Good luck to all of you!


----------



## fmasaud84 (Oct 21, 2012)

anj0907 said:


> Hi guys...I can see my IELTS results online now...and I am shocked !!!
> My writing score is 6.0 this time ...I am very sure I had written much much better than last time and was expecting a good score...
> 
> anyways...this is the end of my journey with you guys ...I do not have enough energy or motivation to write this test again...
> ...


what is your speaking score??


----------



## anj0907 (Aug 27, 2012)

fmasaud84 said:


> what is your speaking score??


7.5


----------



## fmasaud84 (Oct 21, 2012)

anj0907 said:


> 7.5


and the rest ? i mean is it only writing which is low ? or any other section ?

by the way .. only 2 attempts should not make you hopeless .. 

there is enough time .. and you can go for 3rd attempt .


----------



## superm (Jul 1, 2012)

anj0907 said:


> Hi guys...I can see my IELTS results online now...and I am shocked !!!
> My writing score is 6.0 this time ...I am very sure I had written much much better than last time and was expecting a good score...
> 
> anyways...this is the end of my journey with you guys ...I do not have enough energy or motivation to write this test again...
> ...


omg.. really?
whats your other section scores like? is there an option of revaluation if you are that sure?


----------



## EddyFR (Oct 26, 2012)

Come on, don't give up, you still have time, the ceiling is far, very far from being reached !


----------



## gav7red (Apr 26, 2012)

Yeah, don't give up anj. It's worth fighting for mate... stay positive, learn from it and smash it next time! It may be tough but you know that it is not impossible.

If it's your dream to be in Aus then focus on it, know that it will work out and it WILL happen for you.

Life is full of challenges, but that only makes it feel better once you achieve your goal.


----------



## superm (Jul 1, 2012)

gav7red said:


> Yeah, don't give up anj. It's worth fighting for mate... stay positive, learn from it and smash it next time! It may be tough but you know that it is not impossible.
> 
> If it's your dream to be in Aus then focus on it, know that it will work out and it WILL happen for you.
> 
> Life is full of challenges, but that only makes it feel better once you achieve your goal.

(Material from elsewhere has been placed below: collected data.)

lemma dref_bounds_of_net_accuracy:
  assumes e: "0 < e" and C1: "0 < C1"
    and dref_bounds: "\<forall>x\<in>M. C1 * e ^ d \<le> dref dV pX pY e x \<and> dref dV pX pY e x \<le> C2 * e ^ d"
    and \<omega>: "\<omega> \<in> space P" and S: "S \<subseteq> M" and net: "\<And>x. x \<in> M \<Longrightarrow> \<exists>s\<in>S. norm (x - s) \<le> r"
    and r: "0 \<le> r" "16 * R / e * r \<le> C1 * e ^ d / 8"
    and acc_X: "\<forall>s\<in>S. \<bar>(\<Sum>i<n. Kref dV pY e s (X i \<omega>)) / n - dref dV pX pY e s\<bar> < C1 * e ^ d / 8"
    and x: "x \<in> M"
  shows "C1 * e ^ d / 2 \<le> dref_n dV pY e n (\<lambda>i. X i \<omega>) x
           \<and> dref_n dV pY e n (\<lambda>i. X i \<omega>) x \<le> 2 * C2 * e ^ d"
    and "\<forall>t\<in>S \<times> S. \<bar>(\<Sum>k<m. Kern2 e (fst t) (snd t) (Y k \<omega>)) / m - Kref dV pY e (fst t) (snd t)\<bar>
                     < C1 * e ^ d / 8 \<Longrightarrow>
         C1 * e ^ d / 2 \<le> dref_hat e n m (\<lambda>i. X i \<omega>) (\<lambda>k. Y k \<omega>) x
           \<and> dref_hat e n m (\<lambda>i. X i \<omega>) (\<lambda>k. Y k \<omega>) x \<le> 2 * C2 * e ^ d"
proof -
  have C1e: "0 < C1 * e ^ d" using C1 e by simp
  moreover have "C1 * e ^ d \<le> C2 * e ^ d" using dref_bounds x by fastforce
  moreover have "0 \<le> 4 * R / e * r" "4 * R / e * r \<le> 16 * R / e * r"
    using R_pos e r by (simp_all add: field_simps)
  moreover note dref_n_bounds_of_net_accuracy[OF e \<omega> S net acc_X dref_bounds x]
  ultimately have dref_n: "C1 * e ^ d - C1 * e ^ d / 4 \<le> dref_n dV pY e n (\<lambda>i. X i \<omega>) x"
    "dref_n dV pY e n (\<lambda>i. X i \<omega>) x \<le> C2 * e ^ d + C1 * e ^ d / 4" "C1 * e ^ d \<le> C2 * e ^ d"
    using r by linarith+
  then show "C1 * e ^ d / 2 \<le> dref_n dV pY e n (\<lambda>i. X i \<omega>) x
      \<and> dref_n dV pY e n (\<lambda>i. X i \<omega>) x \<le> 2 * C2 * e ^ d"
    using C1e by auto
  assume "\<forall>t\<in>S \<times> S. \<bar>(\<Sum>k<m. Kern2 e (fst t) (snd t) (Y k \<omega>)) / m - Kref dV pY e (fst t) (snd t)\<bar>
            < C1 * e ^ d / 8"
  from dref_hat_near_dref_n_of_net_accuracy[where n = n, OF e \<omega> S net this _ r(1) x] C1e
  have "\<bar>dref_hat e n m (\<lambda>i. X i \<omega>) (\<lambda>k. Y k \<omega>) x - dref_n dV pY e n (\<lambda>i. X i \<omega>) x\<bar>
      \<le> C1 * e ^ d / 8 + 16 * R / e * r"
    by simp
  with r(2) dref_n C1e show "C1 * e ^ d / 2 \<le> dref_hat e n m (\<lambda>i. X i \<omega>) (\<lambda>k. Y k \<omega>) x
      \<and> dref_hat e n m (\<lambda>i. X i \<omega>) (\<lambda>k. Y k \<omega>) x \<le> 2 * C2 * e ^ d"
    unfolding abs_le_iff by (intro conjI) linarith+
qed

lemma prob_dref_bounds_of_net:
  assumes e: "0 < e" and C1: "0 < C1"
    and dref_bounds: "\<forall>x\<in>M. C1 * e ^ d \<le> dref dV pX pY e x \<and> dref dV pX pY e x \<le> C2 * e ^ d"
    and n: "0 < n" and m: "0 < m" and S: "finite S" "S \<subseteq> M"
    and net: "\<And>x. x \<in> M \<Longrightarrow> \<exists>s\<in>S. norm (x - s) \<le> r"
    and r: "0 \<le> r" "16 * R / e * r \<le> C1 * e ^ d / 8"
  defines "\<delta> \<equiv> C1 * e ^ d / 8"
  shows "1 - card S * (2 * exp (-2 * real n * \<delta>\<^sup>2))
           \<le> prob {\<omega>\<in>space P. \<forall>x\<in>M. C1 * e ^ d / 2 \<le> dref_n dV pY e n (\<lambda>i. X i \<omega>) x
                                    \<and> dref_n dV pY e n (\<lambda>i. X i \<omega>) x \<le> 2 * C2 * e ^ d}"
    and "1 - card S * (2 * exp (-2 * real n * \<delta>\<^sup>2)) - card (S \<times> S) * (2 * exp (-2 * real m * \<delta>\<^sup>2))
           \<le> prob {\<omega>\<in>space P. \<forall>x\<in>M. C1 * e ^ d / 2 \<le> dref_hat e n m (\<lambda>i. X i \<omega>) (\<lambda>k. Y k \<omega>) x
                                    \<and> dref_hat e n m (\<lambda>i. X i \<omega>) (\<lambda>k. Y k \<omega>) x \<le> 2 * C2 * e ^ d}"
proof -
  have \<delta>: "0 \<le> \<delta>" using C1 e by (simp add: \<delta>_def)
  define BX where "BX = {\<omega>\<in>space P. \<exists>s\<in>S. \<delta> \<le> \<bar>(\<Sum>i<n. Kref dV pY e s (X i \<omega>)) / n - dref dV pX pY e s\<bar>}"
  define BY where "BY = {\<omega>\<in>space P. \<exists>t\<in>S \<times> S. \<delta> \<le> \<bar>(\<Sum>k<m. Kern2 e (fst t) (snd t) (Y k \<omega>)) / m
                                                     - Kref dV pY e (fst t) (snd t)\<bar>}"
  note BX = prob_dref_n_net_deviation[OF e n S \<delta>, folded BX_def]
  note BY = prob_Kref_net_deviation[OF e m S \<delta>, folded BY_def]
  note good = dref_bounds_of_net_accuracy[OF e C1 dref_bounds _ S(2) net r]
  have "space P - BX \<subseteq> {\<omega>\<in>space P. \<forall>x\<in>M. C1 * e ^ d / 2 \<le> dref_n dV pY e n (\<lambda>i. X i \<omega>) x
                                    \<and> dref_n dV pY e n (\<lambda>i. X i \<omega>) x \<le> 2 * C2 * e ^ d}"
    using good(1) by (auto simp: BX_def \<delta>_def not_le)
  then show "1 - card S * (2 * exp (-2 * real n * \<delta>\<^sup>2)) \<le> prob {\<omega>\<in>space P. \<forall>x\<in>M.
      C1 * e ^ d / 2 \<le> dref_n dV pY e n (\<lambda>i. X i \<omega>) x \<and> dref_n dV pY e n (\<lambda>i. X i \<omega>) x \<le> 2 * C2 * e ^ d}"
    by (intro prob_ge_of_compl_subset[OF sets_dref_n_bounds[OF e] BX(1) _ BX(2)])
  have "space P - (BX \<union> BY) \<subseteq> {\<omega>\<in>space P. \<forall>x\<in>M.
      C1 * e ^ d / 2 \<le> dref_hat e n m (\<lambda>i. X i \<omega>) (\<lambda>k. Y k \<omega>) x
      \<and> dref_hat e n m (\<lambda>i. X i \<omega>) (\<lambda>k. Y k \<omega>) x \<le> 2 * C2 * e ^ d}"
    using good(2) by (auto simp: BX_def BY_def \<delta>_def not_le)
  moreover have "prob (BX \<union> BY)
      \<le> card S * (2 * exp (-2 * real n * \<delta>\<^sup>2)) + card (S \<times> S) * (2 * exp (-2 * real m * \<delta>\<^sup>2))"
    using measure_Un_le[OF BX(1) BY(1)] BX(2) BY(2) by linarith
  ultimately have "1 - (card S * (2 * exp (-2 * real n * \<delta>\<^sup>2)) + card (S \<times> S) * (2 * exp (-2 * real m * \<delta>\<^sup>2)))
      \<le> prob {\<omega>\<in>space P. \<forall>x\<in>M. C1 * e ^ d / 2 \<le> dref_hat e n m (\<lambda>i. X i \<omega>) (\<lambda>k. Y k \<omega>) x
                                    \<and> dref_hat e n m (\<lambda>i. X i \<omega>) (\<lambda>k. Y k \<omega>) x \<le> 2 * C2 * e ^ d}"
    by (rule prob_ge_of_compl_subset[OF sets_dref_hat_bounds[OF e] sets.Un[OF BX(1) BY(1)]])
  then show "1 - card S * (2 * exp (-2 * real n * \<delta>\<^sup>2)) - card (S \<times> S) * (2 * exp (-2 * real m * \<delta>\<^sup>2))
      \<le> prob {\<omega>\<in>space P. \<forall>x\<in>M. C1 * e ^ d / 2 \<le> dref_hat e n m (\<lambda>i. X i \<omega>) (\<lambda>k. Y k \<omega>) x
                                    \<and> dref_hat e n m (\<lambda>i. X i \<omega>) (\<lambda>k. Y k \<omega>) x \<le> 2 * C2 * e ^ d}"
    by simp
qed
lemma ln_fact_ge: "real n * ln (real n) - real n \<le> ln (fact n)"
proof (cases "n = 0")
  case False
  define f where "f = (\<lambda>k. real n ^ k /\<^sub>R fact k)"
  have "f sums exp (real n)"
    unfolding f_def by (rule exp_converges)
  then have "sum f {n} \<le> suminf f"
    by (intro sum_le_suminf) (auto simp: sums_summable f_def)
  then have "real n ^ n / fact n \<le> exp (real n)"
    using sums_unique[OF \<open>f sums exp (real n)\<close>] by (simp add: f_def divide_inverse mult.commute)
  then have "ln (real n ^ n / fact n) \<le> ln (exp (real n))"
    using False by (intro ln_mono) auto
  then show ?thesis
    using False by (simp add: ln_div ln_realpow)
qed simp

lemma one_le_ln_4: "1 \<le> ln (4 :: real)"
  using exp_le by (subst ln_ge_iff) auto

text \<open>From \<open>(k+1)! \<le> \<Prod>\<^sub>i\<^sub>\<le>\<^sub>k p\<^sub>i \<le> 4\<^bsup>p\<^sub>k\<^esup>\<close>.\<close>
lemma nth_prime_lower_bound: "real (k + 1) * ln (real (k + 1)) - real (k + 1) \<le> real (nth_prime k) * ln 4"
proof -
  have "fact (k + 1) = (\<Prod>i\<le>k. (i + 1 :: nat))"
    by (induction k) (simp_all add: algebra_simps)
  also have "\<dots> \<le> (\<Prod>i\<le>k. nth_prime i)"
  proof (intro prod_mono)
    fix i
    show "0 \<le> i + 1 \<and> i + 1 \<le> nth_prime i"
      using nth_prime_ge[of i] by simp
  qed
  also have "\<dots> \<le> 4 ^ nth_prime k"
    by (rule prod_nth_primes_le_4_pow)
  finally have "(fact (k + 1) :: real) \<le> 4 ^ nth_prime k"
    by (metis of_nat_fact of_nat_le_iff of_nat_numeral of_nat_power)
  then have "ln (fact (k + 1)) \<le> real (nth_prime k) * ln 4"
    using ln_mono[of "fact (k + 1)" "4 ^ nth_prime k"] by (simp add: ln_realpow)
  then show ?thesis using ln_fact_ge[of "k + 1"] by linarith
qed

text \<open>Take \<open>n = 8(k+1)a\<close> with \<open>a = \<lceil>ln(k+1)\<rceil> + 1\<close>: Chebyshev's bound gives \<open>\<pi>(2n) \<ge> k+1\<close>.\<close>
lemma nth_prime_upper_bound: "real (nth_prime k) \<le> 16 * real (k + 1) * (ln (real (k + 1)) + 2)"
proof -
  define x where "x = real (k + 1)"
  have x1: "x \<ge> 1" unfolding x_def by simp
  define a where "a = nat \<lceil>ln x\<rceil> + 1"
  have a1: "real a \<ge> 1" unfolding a_def by simp
  have ax: "ln x + 1 \<le> real a" "real a \<le> ln x + 2"
    unfolding a_def using x1 ceiling_correct[of "ln x"] by auto
  define n where "n = 8 * (k + 1) * a"
  have n0: "n > 0" unfolding n_def a_def by simp
  have rn: "real n = 8 * x * real a" unfolding n_def x_def by simp
  have "k + 1 \<le> prime_pi (2 * n)"
  proof (rule ccontr)
    assume "\<not> k + 1 \<le> prime_pi (2 * n)"
    then have "real (prime_pi (2 * n)) \<le> real k" by simp
    moreover have "ln (2 * real n) \<ge> 0" using n0 by simp
    ultimately have "real n * ln 4 - ln (2 * real n) \<le> real k * ln (2 * real n)"
      using prime_pi_lower_bound[OF n0] by (meson mult_right_mono order_trans)
    then have A: "real n * ln 4 \<le> x * ln (2 * real n)"
      unfolding x_def by (simp add: algebra_simps)
    have "ln (2 * real n) = ln 16 + ln x + ln (real a)"
      using x1 a1 by (simp add: rn ln_mult)
    also have "ln (16 :: real) = 4 * ln 2"
      using ln_realpow[of 2 4] by simp
    also have "\<dots> < 4" using ln_2_less_1 by simp
    finally have "ln (2 * real n) < 4 + (real a - 1) + (real a - 1)"
      using ax ln_le_minus_one[of "real a"] a1 by linarith
    then have "x * ln (2 * real n) < x * (4 * real a)"
      using x1 a1 by (intro mult_strict_left_mono) auto
    moreover have "x * (4 * real a) < real n * ln 4"
      unfolding rn using one_le_ln_4 x1 a1 by (simp add: mult_less_le_imp_less mult_le_cancel_left1)
    ultimately show False using A by linarith
  qed
  then have "nth_prime k \<le> 2 * n"
    unfolding prime_pi_def by (rule nth_prime_le_if_card_ge[rotated 2]) auto
  then have "real (nth_prime k) \<le> 16 * x * real a"
    using rn by linarith
  also have "\<dots> \<le> 16 * x * (ln x + 2)"
    using ax x1 by (intro mult_left_mono) auto
  finally show ?thesis unfolding x_def .
qed

section \<open>Faces of \<open>\<Delta>\<^sub>n\<close> of maximal size\<close>

lemma prod_prime_factors_squarefree: "squarefree (k :: nat) \<Longrightarrow> \<Prod>(prime_factors k) = k"
proof -
  assume sqf: "squarefree k"
  then have "k \<noteq> 0" by (metis not_squarefree_0)
  have "\<Prod>(prime_factors k) = (\<Prod>p\<in>prime_factors k. p ^ multiplicity p k)"
    using sqf \<open>k \<noteq> 0\<close> squarefree_factorial_semiring'[OF \<open>k \<noteq> 0\<close>] by (intro prod.cong) auto
  also have "\<dots> = k" using prod_prime_factors[OF \<open>k \<noteq> 0\<close>] by simp
  finally show ?thesis .
qed

lemma prime_factors_prod_primes:
  "finite \<sigma> \<Longrightarrow> \<forall>p\<in>\<sigma>. prime (p :: nat) \<Longrightarrow> prime_factors (\<Prod>\<sigma>) = \<sigma>"
proof -
  assume "finite \<sigma>" and primes: "\<forall>p\<in>\<sigma>. prime (p :: nat)"
  then have "prime_factors (prod id \<sigma>) = \<Union>((prime_factors \<circ> id) ` \<sigma>)"
    by (intro prime_factors_prod) auto
  also have "\<dots> = \<sigma>" using primes by (auto simp: prime_prime_factors)
  finally show ?thesis by simp
qed

lemma squarefree_prod_primes: "\<forall>p\<in>\<sigma>. prime (p :: nat) \<Longrightarrow> squarefree (\<Prod>\<sigma>)"
proof -
  assume "\<forall>p\<in>\<sigma>. prime (p :: nat)"
  then have "squarefree (prod id \<sigma>)"
    by (intro squarefree_prod_coprime) (auto simp: primes_coprime squarefree_prime)
  then show ?thesis by simp
qed

lemma mem_Delta_iff: "\<sigma> \<in> Delta n \<longleftrightarrow> finite \<sigma> \<and> (\<forall>p\<in>\<sigma>. prime p) \<and> \<Prod>\<sigma> \<le> n"
proof
  assume "\<sigma> \<in> Delta n"
  then obtain k where k: "\<sigma> = prime_factors k" "1 \<le> k" "k \<le> n" "squarefree k"
    unfolding Delta_def by auto
  then show "finite \<sigma> \<and> (\<forall>p\<in>\<sigma>. prime p) \<and> \<Prod>\<sigma> \<le> n"
    using prod_prime_factors_squarefree[OF k(4)] by auto
next
  assume \<sigma>: "finite \<sigma> \<and> (\<forall>p\<in>\<sigma>. prime p) \<and> \<Prod>\<sigma> \<le> n"
  then have "\<Prod>\<sigma> \<ge> 1"
    by (metis One_nat_def Suc_leI not_prime_0 prod_pos zero_less_iff_neq_zero)
  then show "\<sigma> \<in> Delta n"
    unfolding Delta_def using \<sigma> prime_factors_prod_primes squarefree_prod_primes
    by (intro CollectI exI[of _ "\<Prod>\<sigma>"]) auto
qed

lemma finite_Delta: "finite (Delta n)"
proof (rule finite_subset)
  show "Delta n \<subseteq> Pow {..n}"
  proof
    fix \<sigma> assume "\<sigma> \<in> Delta n"
    then obtain k where k: "\<sigma> = prime_factors k" "1 \<le> k" "k \<le> n"
      unfolding Delta_def by auto
    then have "p \<le> n" if "p \<in> \<sigma>" for p
      using that by (meson dvd_imp_le in_prime_factors_imp_dvd order_trans zero_less_one less_le_trans)
    then show "\<sigma> \<in> Pow {..n}" by auto
  qed
qed simp

definition Delta_rank :: "nat \<Rightarrow> nat" where
  "Delta_rank n = Max (card ` Delta n)"

definition top_faces :: "nat \<Rightarrow> nat set set" where
  "top_faces n = {\<sigma> \<in> Delta n. card \<sigma> = Delta_rank n}"

lemma dimc_Delta: "dimc (Delta n) = Delta_rank n - 1"
  unfolding dimc_def Delta_rank_def ..

lemma fvec_Delta_dimc: "Delta_rank n \<ge> 1 \<Longrightarrow> fvec (Delta n) (dimc (Delta n)) = card (top_faces n)"
  unfolding fvec_def dimc_Delta top_faces_def by simp

definition first_primes :: "nat \<Rightarrow> nat set" where
  "first_primes k = nth_prime ` {..<k}"

lemma prod_first_primes: "\<Prod>(first_primes k) = (\<Prod>i<k. nth_prime i)"
  unfolding first_primes_def by (simp add: prod.reindex inj_on_def)

lemma card_first_primes: "card (first_primes k) = k"
  unfolding first_primes_def by (simp add: card_image inj_on_def)

lemma finite_first_primes: "finite (first_primes k)"
  unfolding first_primes_def by simp

lemma first_primes_Suc: "first_primes (Suc k) = {q. prime q \<and> q \<le> nth_prime k}"
  unfolding first_primes_def primes_le_nth_prime lessThan_Suc_atMost ..

lemma card_le_Delta_rank: "\<sigma> \<in> Delta n \<Longrightarrow> card \<sigma> \<le> Delta_rank n"
  unfolding Delta_rank_def using finite_Delta by (intro Max_ge) auto

lemma Delta_rank_ge: "(\<Prod>i<k. nth_prime i) \<le> n \<Longrightarrow> k \<le> Delta_rank n"
  using card_le_Delta_rank[of "first_primes k" n] mem_Delta_iff[of "first_primes k"] prod_first_primes
    card_first_primes finite_first_primes prime_nth_prime by (auto simp: first_primes_def)

lemma less_prod_first_primes: "n < (\<Prod>i<Delta_rank n + 1. nth_prime i)"
  using Delta_rank_ge[of "Delta_rank n + 1" n] by force

lemma top_faces_nonempty: "n \<ge> 1 \<Longrightarrow> top_faces n \<noteq> {}"
proof -
  assume "n \<ge> 1"
  then have "{} \<in> Delta n" using mem_Delta_iff by simp
  then have "Delta_rank n \<in> card ` Delta n"
    unfolding Delta_rank_def using finite_Delta by (intro Max_in) auto
  then show ?thesis unfolding top_faces_def by auto
qed

lemma finite_top_faces: "finite (top_faces n)"
  unfolding top_faces_def using finite_Delta by simp

lemma prod_first_primes_le: "n \<ge> 1 \<Longrightarrow> (\<Prod>i<Delta_rank n. nth_prime i) \<le> n"
proof -
  assume "n \<ge> 1"
  then obtain \<sigma> where "\<sigma> \<in> top_faces n" using top_faces_nonempty by auto
  then have "\<sigma> \<in> Delta n" "card \<sigma> = Delta_rank n" unfolding top_faces_def by auto
  then show ?thesis
    using prod_nth_primes_le_prod[of \<sigma> "Delta_rank n"] mem_Delta_iff[of \<sigma> n] by auto
qed

lemma eventually_Delta_rank_ge: "eventually (\<lambda>n. K \<le> Delta_rank n) sequentially"
  unfolding eventually_sequentially using Delta_rank_ge by blast

lemma card_subsets_card_le:
  assumes "finite B" "card B \<ge> 1"
  shows "card {A. A \<subseteq> B \<and> card A \<le> J} \<le> (J + 1) * card B ^ J"
proof -
  have split: "{A. A \<subseteq> B \<and> card A \<le> J} = (\<Union>j\<in>{..J}. {A. A \<subseteq> B \<and> card A = j})"
    by auto
  have "card {A. A \<subseteq> B \<and> card A \<le> J} \<le> (\<Sum>j\<in>{..J}. card {A. A \<subseteq> B \<and> card A = j})"
    unfolding split by (rule card_UN_le) simp
  also have "\<dots> = (\<Sum>j\<in>{..J}. card B choose j)"
    using assms(1) by (simp add: n_subsets)
  also have "\<dots> \<le> (\<Sum>j\<in>{..J}. card B ^ J)"
  proof (rule sum_mono)
    fix j assume j: "j \<in> {..J}"
    have "card B choose j \<le> card B ^ j"
      by (cases "j \<le> card B") (simp_all add: binomial_le_pow binomial_eq_0)
    also have "\<dots> \<le> card B ^ J"
      using j assms(2) by (intro power_increasing) auto
    finally show "card B choose j \<le> card B ^ J" .
  qed
  finally show ?thesis by simp
qed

nicely said man.. your result also declared today?


----------



## gav7red (Apr 26, 2012)

superm said:


> nicely said man.. your result also declared today?


Thanks mate, and it's true... positive thinking always wins the day.

My results should be out tomorrow I believe. I checked the IELTS site and it said that 1st Dec results were available today but there were no results found when I input my details. Maybe its a time difference thing and my results will be available later?


----------



## tesh (Dec 10, 2012)

Hey Buddy, Everyone looses in writing and blames IELTS that they didn't give good scores. Indeed I did the same.

If you're getting 6, it is not hard to pull 7, but need proper training.

If you're in Sydney, Australia. Let me know, there is a old guy out there, who just help people and charge 20$ per Hours, which is inexpensive.

I had IELTS test for more than 10 times, Went to one session with him, got 7.5.


Bottom line is, we need to know what IELTS is looking from us, and then tune our selves.

Good Luck Mate, Dont give up.






anj0907 said:


> Hi guys...I can see my IELTS results online now...and I am shocked !!!
> My writing score is 6.0 this time ...I am very sure I had written much much better than last time and was expecting a good score...
> 
> anyways...this is the end of my journey with you guys ...I do not have enough energy or motivation to write this test again...
> ...


----------



## fmasaud84 (Oct 21, 2012)

Wow 

they have fixed the error in report


Visa Subclass

Points Score

Visa date of effect



Skilled - Independent (subclass 189)

60

10/11/2012
14.48 pm



Skilled - Regional (Provisional) (subclass 489)

60

27/11/2012
00.59 am


----------



## asahni (Nov 17, 2012)

fmasaud84 said:


> Wow
> 
> they have fixed the error in report
> 
> ...


Good find bro!


----------



## fmasaud84 (Oct 21, 2012)

asahni said:


> Good find bro!


i had sent them the email and they replied 

Dear Faisal,

Thank you for your enquiry.

There was an error in the report. You can check the correct report in the link below.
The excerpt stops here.